1. Devil’s advocate critic for strategy/context

Before sending to DM review, run a second LLM pass as a “devil’s advocate” evaluator:

// packages/agents/src/lib/devil-advocate.ts export async function runDevilsAdvocate( output: string, documentType: "strategy" | "client_context", tenantContext: { industry: string; goals: string[] } ): Promise<DevilsAdvocateResult> { const prompt = ` You are a sceptical strategist reviewing a ${documentType} document. Your job is to identify weaknesses, gaps, and assumptions that may not hold. Be constructive but thorough. Evaluate this document on: 1. Internal consistency — do the goals and tactics align? 2. Feasibility — are the timelines and resource assumptions realistic? 3. Completeness — what important topics are missing or underdeveloped? 4. Market assumptions — what claims are made without evidence?

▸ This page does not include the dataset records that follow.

lemma max_linked_system_principal:
  assumes "t1_space X" "x \<in> topspace X"
  shows "max_linked_system X (principal_linked_system X x)"
proof -
  have "\<xi> \<subseteq> principal_linked_system X x"
    if "principal_linked_system X x \<subseteq> \<xi>" "\<forall>F\<in>\<xi>. closedin X F" "linked_family \<xi>" for \<xi>
  proof
    fix F assume "F \<in> \<xi>"
    have "{x} \<in> \<xi>"
      using that(1) closedin_t1_singleton[OF assms] unfolding principal_linked_system_def by blast
    then have "x \<in> F"
      using that(3) \<open>F \<in> \<xi>\<close> unfolding linked_family_def by blast
    then show "F \<in> principal_linked_system X x"
      using that(2) \<open>F \<in> \<xi>\<close> unfolding principal_linked_system_def by blast
  qed
  moreover have "linked_family (principal_linked_system X x)"
    unfolding linked_family_def principal_linked_system_def by auto
  moreover have "\<forall>F\<in>principal_linked_system X x. closedin X F"
    unfolding principal_linked_system_def by auto
  ultimately show ?thesis
    unfolding max_linked_system_def by blast
qed

lemma continuous_map_principal_linked_system:
  assumes "t1_space X"
  shows "continuous_map X (superextension X) (principal_linked_system X)"
  unfolding superextension_def continuous_map_in_subtopology
proof (intro conjI)
  show "principal_linked_system X \<in> topspace X \<rightarrow> superext_space X"
    using max_linked_system_principal[OF assms] unfolding superext_space_def by auto
  show "continuous_map X (topology_generated_by {superext_plus X U |U. openin X U})
          (principal_linked_system X)"
  proof (rule continuous_on_generated_topo)
    fix W assume "W \<in> {superext_plus X U |U. openin X U}"
    then obtain U where U: "openin X U" "W = superext_plus X U" by blast
    have "principal_linked_system X -` W \<inter> topspace X = U"
    proof
      show "principal_linked_system X -` W \<inter> topspace X \<subseteq> U"
        unfolding U(2) superext_plus_def principal_linked_system_def by auto
      show "U \<subseteq> principal_linked_system X -` W \<inter> topspace X"
      proof
        fix x assume "x \<in> U"
        then have x: "x \<in> topspace X" using openin_subset U(1) by blast
        have "{x} \<in> principal_linked_system X x"
          using closedin_t1_singleton[OF assms x] unfolding principal_linked_system_def by auto
        then show "x \<in> principal_linked_system X -` W \<inter> topspace X"
          using max_linked_system_principal[OF assms x] \<open>x \<in> U\<close> x
          unfolding U(2) superext_plus_def superext_space_def by auto
      qed
    qed
    then show "openin X (principal_linked_system X -` W \<inter> topspace X)" using U(1) by simp
  next
    have "principal_linked_system X x \<in> superext_plus X (topspace X)" if "x \<in> topspace X" for x
      using max_linked_system_principal[OF assms that] that
      unfolding superext_plus_def superext_space_def principal_linked_system_def by auto
    then show "principal_linked_system X ` topspace X \<subseteq> \<Union> {superext_plus X U |U. openin X U}"
      by blast
  qed
qed

section \<open>Binary normal subbases and Helly-type intersections\<close>

lemma closed_subbase_closedin: "closed_subbase X \<S> \<Longrightarrow> S \<in> \<S> \<Longrightarrow> closedin X S"
  unfolding closed_subbase_def by blast

lemma binary_family_topspace_nonempty: "binary_family X \<S> \<Longrightarrow> topspace X \<noteq> {}"
  unfolding binary_family_def using linked_family_def[of "{}"] by auto

lemma closed_subbase_separates_points:
  assumes "closed_subbase X \<S>" "t1_space X" "a \<in> topspace X" "b \<in> topspace X" "a \<noteq> b"
  shows "\<exists>S\<in>\<S>. a \<in> S \<and> b \<notin> S"
proof -
  obtain \<B> where \<B>: "\<forall>B\<in>\<B>. \<exists>\<T>. finite \<T> \<and> \<T> \<subseteq> \<S> \<and> B = \<Union>\<T>" "{a} = topspace X \<inter> \<Inter>\<B>"
    using assms(1) closedin_t1_singleton[OF assms(2,3)] unfolding closed_subbase_def by meson
  then have "b \<notin> topspace X \<inter> \<Inter>\<B>" using assms(5) by auto
  then obtain B where "B \<in> \<B>" "b \<notin> B" "a \<in> B"
    using assms(4) \<B>(2) by blast
  moreover obtain \<T> where "\<T> \<subseteq> \<S>" "B = \<Union>\<T>" using \<B>(1) \<open>B \<in> \<B>\<close> by blast
  ultimately show ?thesis by blast
qed

lemma binary_subbase_separates_point_from_member:
  assumes "closed_subbase X \<S>" "t1_space X" "binary_family X \<S>"
    and "S \<in> \<S>" "S \<noteq> {}" "b \<in> topspace X" "b \<notin> S"
  shows "\<exists>R\<in>\<S>. b \<in> R \<and> R \<inter> S = {}"
proof (rule ccontr)
  assume "\<not> ?thesis"
  then have "\<And>R. R \<in> \<S> \<Longrightarrow> b \<in> R \<Longrightarrow> R \<inter> S \<noteq> {} \<and> S \<inter> R \<noteq> {}"
    by blast
  then have "linked_family (insert S {R\<in>\<S>. b \<in> R})"
    using \<open>S \<noteq> {}\<close> unfolding linked_family_def by auto
  moreover have "insert S {R\<in>\<S>. b \<in> R} \<subseteq> \<S>" using assms(4) by auto
  ultimately have "topspace X \<inter> \<Inter>(insert S {R\<in>\<S>. b \<in> R}) \<noteq> {}"
    using assms(3) unfolding binary_family_def by blast
  then obtain x where x: "x \<in> topspace X" "x \<in> S" "\<And>R. R \<in> \<S> \<Longrightarrow> b \<in> R \<Longrightarrow> x \<in> R"
    by blast
  have "x = b"
  proof (rule ccontr)
    assume "x \<noteq> b"
    then obtain R where "R \<in> \<S>" "b \<in> R" "x \<notin> R"
      using closed_subbase_separates_points[OF assms(1,2,6) x(1)] by metis
    with x(3) show False by blast
  qed
  with x(2) assms(7) show False by simp
qed

lemma normal_subbase_separating_cover:
  assumes "closed_subbase X \<S>" "t1_space X" "binary_family X \<S>" "normal_family X \<S>"
    and "S \<in> \<S>" "S \<noteq> {}" "b \<in> topspace X" "b \<notin> S"
  shows "\<exists>T0\<in>\<S>. \<exists>T1\<in>\<S>. S \<inter> T1 = {} \<and> b \<notin> T0 \<and> T0 \<union> T1 = topspace X"
proof -
  obtain R where R: "R \<in> \<S>" "b \<in> R" "S \<inter> R = {}"
    using binary_subbase_separates_point_from_member[OF assms(1-3,5-8)] by blast
  then obtain T0 T1 where "T0 \<in> \<S>" "T1 \<in> \<S>" "S \<inter> T1 = {}" "T0 \<inter> R = {}" "T0 \<union> T1 = topspace X"
    using assms(4)[unfolded normal_family_def, rule_format, OF assms(5) R(1)] by blast
  with R(2) show ?thesis by blast
qed

lemma S_convex_Int_member:
  assumes "S_convex X \<S> C" "S \<in> \<S>"
  shows "S_convex X \<S> (C \<inter> S)"
  using assms unfolding S_convex_def S_hull_def by auto

lemma binary_subbase_S_convex_meets_Int:
  assumes "binary_family X \<S>" "S_convex X \<S> C" "S1 \<in> \<S>" "S2 \<in> \<S>" "S1 \<inter> S2 \<noteq> {}"
    and "c1 \<in> C \<inter> S1" "c2 \<in> C \<inter> S2"
  shows "C \<inter> S1 \<inter> S2 \<noteq> {}"
proof -
  let ?\<L> = "{S1, S2} \<union> {S\<in>\<S>. {c1, c2} \<subseteq> S}"
  have member_cases: "(A = S1 \<or> A = S2) \<or> (c1 \<in> A \<and> c2 \<in> A)" if "A \<in> ?\<L>" for A
    using that by blast
  have "linked_family ?\<L>"
    unfolding linked_family_def
  proof (intro ballI)
    fix A B assume "A \<in> ?\<L>" "B \<in> ?\<L>"
    from member_cases[OF this(1)] member_cases[OF this(2)] assms(5-7) show "A \<inter> B \<noteq> {}"
      by (elim disjE conjE) auto
  qed
  moreover have "?\<L> \<subseteq> \<S>" using assms(3,4) by auto
  ultimately obtain x where x: "x \<in> topspace X \<inter> \<Inter>?\<L>"
    using assms(1) unfolding binary_family_def by blast
  then have "x \<in> S_hull X \<S> {c1, c2}" unfolding S_hull_def by auto
  then have "x \<in> C" using assms(2,6,7) unfolding S_convex_def by blast
  with x show ?thesis by auto
qed
lemma barrier_le_on_half_annulus:
  fixes v :: "'a::euclidean_space \<times> real \<Rightarrow> real"
  assumes dim: "DIM('a) \<ge> 2" and \<epsilon>: "0 < \<epsilon>" "\<epsilon> < 1" and \<rho>: "0 < \<rho>" "\<rho> \<le> 1"
    and cont: "continuous_on (closed_upper_half - {0}) v"
    and pos: "\<And>x. x \<in> upper_half \<Longrightarrow> 0 < v x"
    and pd: "\<And>x e. x \<in> upper_half \<Longrightarrow> e \<in> Basis \<Longrightarrow> has_pd v e x \<and> has_pd (pd v e) e x"
    and lap: "\<And>x. x \<in> upper_half \<Longrightarrow> norm x < 1 \<Longrightarrow> v x < 1 \<Longrightarrow> laplacian v x \<le> v x"
    and flat: "\<And>y. y \<noteq> 0 \<Longrightarrow> \<exists>D \<le> 0. ((\<lambda>t. v (y, t)) has_real_derivative D) (at_right 0)"
    and sphere: "\<And>x. norm x = 1 \<Longrightarrow> 0 \<le> snd x \<Longrightarrow> \<epsilon> < v x"
    and x: "0 \<le> snd x" "\<rho> / 6 \<le> norm x" "norm x \<le> 1"
  shows "barrier \<epsilon> \<rho> x \<le> v x"
proof -
  define K where "K = {x :: 'a \<times> real. 0 \<le> snd x \<and> \<rho> / 6 \<le> norm x \<and> norm x \<le> 1}"
  define w where "w x = v x - barrier \<epsilon> \<rho> x" for x
  have "K \<subseteq> closed_upper_half - {0}" "K \<subseteq> - {0}"
    using \<rho> by (auto simp: K_def closed_upper_half_def)
  then have "continuous_on K w"
    unfolding w_def
    by (intro continuous_intros continuous_on_subset[OF cont] continuous_on_subset[OF continuous_on_barrier])
  moreover have "compact K"
    unfolding K_def compact_eq_bounded_closed
    by (intro conjI closed_Collect_conj closed_Collect_le continuous_intros
        bounded_subset[OF bounded_cball[of 0 1]]) auto
  moreover have "x \<in> K"
    using x by (simp add: K_def)
  ultimately obtain x0 where "x0 \<in> K" and x0_min: "\<And>x. x \<in> K \<Longrightarrow> w x0 \<le> w x"
    using continuous_attains_inf[of K w] by blast
  have x0: "0 \<le> snd x0" "\<rho> / 6 \<le> norm x0" "norm x0 \<le> 1" "x0 \<noteq> 0"
    using \<open>x0 \<in> K\<close> \<rho> by (auto simp: K_def)
  have "0 \<le> w x0"
  proof (rule ccontr)
    assume "\<not> 0 \<le> w x0"
    then have "v x0 < barrier \<epsilon> \<rho> x0" "v x0 < \<epsilon>"
      using barrier_le_eps[of \<epsilon> x0 \<rho>] \<epsilon> x0 by (simp_all add: w_def)
    consider (outer) "norm x0 = 1" | (bottom) "snd x0 = 0" "norm x0 < 1"
      | (inner) "norm x0 = \<rho> / 6" "0 < snd x0"
      | (interior) "0 < snd x0" "\<rho> / 6 < norm x0" "norm x0 < 1"
      using x0 by linarith
    then show False
    proof cases
      case outer
      then show False
        using sphere[OF outer x0(1)] \<open>v x0 < \<epsilon>\<close> by simp
    next
      case bottom
      obtain y where x0_eq: "x0 = (y, 0)"
        using bottom by (cases x0) simp
      with x0 have "y \<noteq> 0"
        by (simp add: zero_prod_def)
      then obtain D where "D \<le> 0" and v_deriv: "((\<lambda>t. v (y, t)) has_real_derivative D) (at_right 0)"
        using flat by blast
      have "((\<lambda>t. w (y, t)) has_real_derivative D - \<epsilon> / 6) (at_right 0)"
        unfolding w_def
        by (rule DERIV_diff[OF v_deriv has_field_derivative_at_within[OF barrier_flat_derivative[OF \<open>y \<noteq> 0\<close>]]])
      then have "0 \<le> D - \<epsilon> / 6"
      proof (rule right_derivative_nonneg_at_flat_min)
        show "norm y < 1"
          using bottom x0_eq by simp
        show "w (y, 0) \<le> w (y, t)" if "0 < t" "norm (y, t) < 1" for t
        proof -
          have "norm (y, 0 :: real) \<le> norm (y, t)"
            by (simp add: norm_Pair)
          with that x0 x0_eq show ?thesis
            by (intro x0_min[unfolded x0_eq]) (simp add: K_def)
        qed
      qed
      with \<open>D \<le> 0\<close> \<epsilon> show False
        by simp
    next
      case inner
      then have "barrier \<epsilon> \<rho> x0 \<le> 0"
        using barrier_nonpos[OF dim _ \<rho>] \<epsilon> by simp
      moreover have "0 < v x0"
        using inner by (intro pos) (simp add: upper_half_def)
      ultimately show False
        using \<open>v x0 < barrier \<epsilon> \<rho> x0\<close> by simp
    next
      case interior
      define U where "U = {x :: 'a \<times> real. 0 < snd x \<and> \<rho> / 6 < norm x \<and> norm x < 1}"
      have "open U"
        unfolding U_def by (intro open_Collect_conj open_Collect_less continuous_intros)
      have "x0 \<in> U" "U \<subseteq> K" "U \<subseteq> upper_half"
        using interior by (auto simp: U_def K_def upper_half_def)
      have "\<epsilon> \<le> laplacian v x0"
        using \<open>open U\<close> \<open>x0 \<in> U\<close> \<open>x0 \<noteq> 0\<close>
      proof (rule laplacian_ge_at_barrier_local_min)
        show "v x0 - barrier \<epsilon> \<rho> x0 \<le> v x - barrier \<epsilon> \<rho> x" if "x \<in> U" for x
          using x0_min[of x] that \<open>U \<subseteq> K\<close> by (auto simp: w_def)
        show "has_pd v e x" if "x \<in> U" "e \<in> Basis" for x e
          using pd that \<open>U \<subseteq> upper_half\<close> by blast
        show "has_pd (pd v e) e x0" if "e \<in> Basis" for e
          using pd that \<open>x0 \<in> U\<close> \<open>U \<subseteq> upper_half\<close> by blast
      qed
      moreover have "laplacian v x0 \<le> v x0"
        using \<open>x0 \<in> U\<close> \<open>U \<subseteq> upper_half\<close> interior \<open>v x0 < \<epsilon>\<close> \<epsilon> by (intro lap) auto
      ultimately show False
        using \<open>v x0 < \<epsilon>\<close> by simp
    qed
  qed
  with x0_min[OF \<open>x \<in> K\<close>] show ?thesis
    by (simp add: w_def)
qed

For each concern, provide: - severity: "blocking" | "major" | "minor" - section: which part of the document this relates to - concern: what the problem is - suggestion: a specific improvement DOCUMENT: ${output} TENANT CONTEXT: Industry: ${tenantContext.industry} Goals: ${tenantContext.goals.join(", ")} `; const result = await claudeSonnet(prompt); // not haiku — needs reasoning return parseDevilsAdvocate(result); }

2. Surface concerns inline in DM review

When a DM opens a strategy or context document for review, show the devil’s advocate concerns as an expandable panel alongside the document:

[Strategy Document] [AI Review Concerns] ───────────────────── ⚠ MAJOR (2): • Section 3: Timeline assumes blog posts can be published weekly, but no content brief pipeline is in place yet. • Section 5: Competitor gap analysis is based on 3 competitors but misses the dominant player in the e-commerce segment. ℹ MINOR (3): • Section 1: "industry-leading" claim needs evidence...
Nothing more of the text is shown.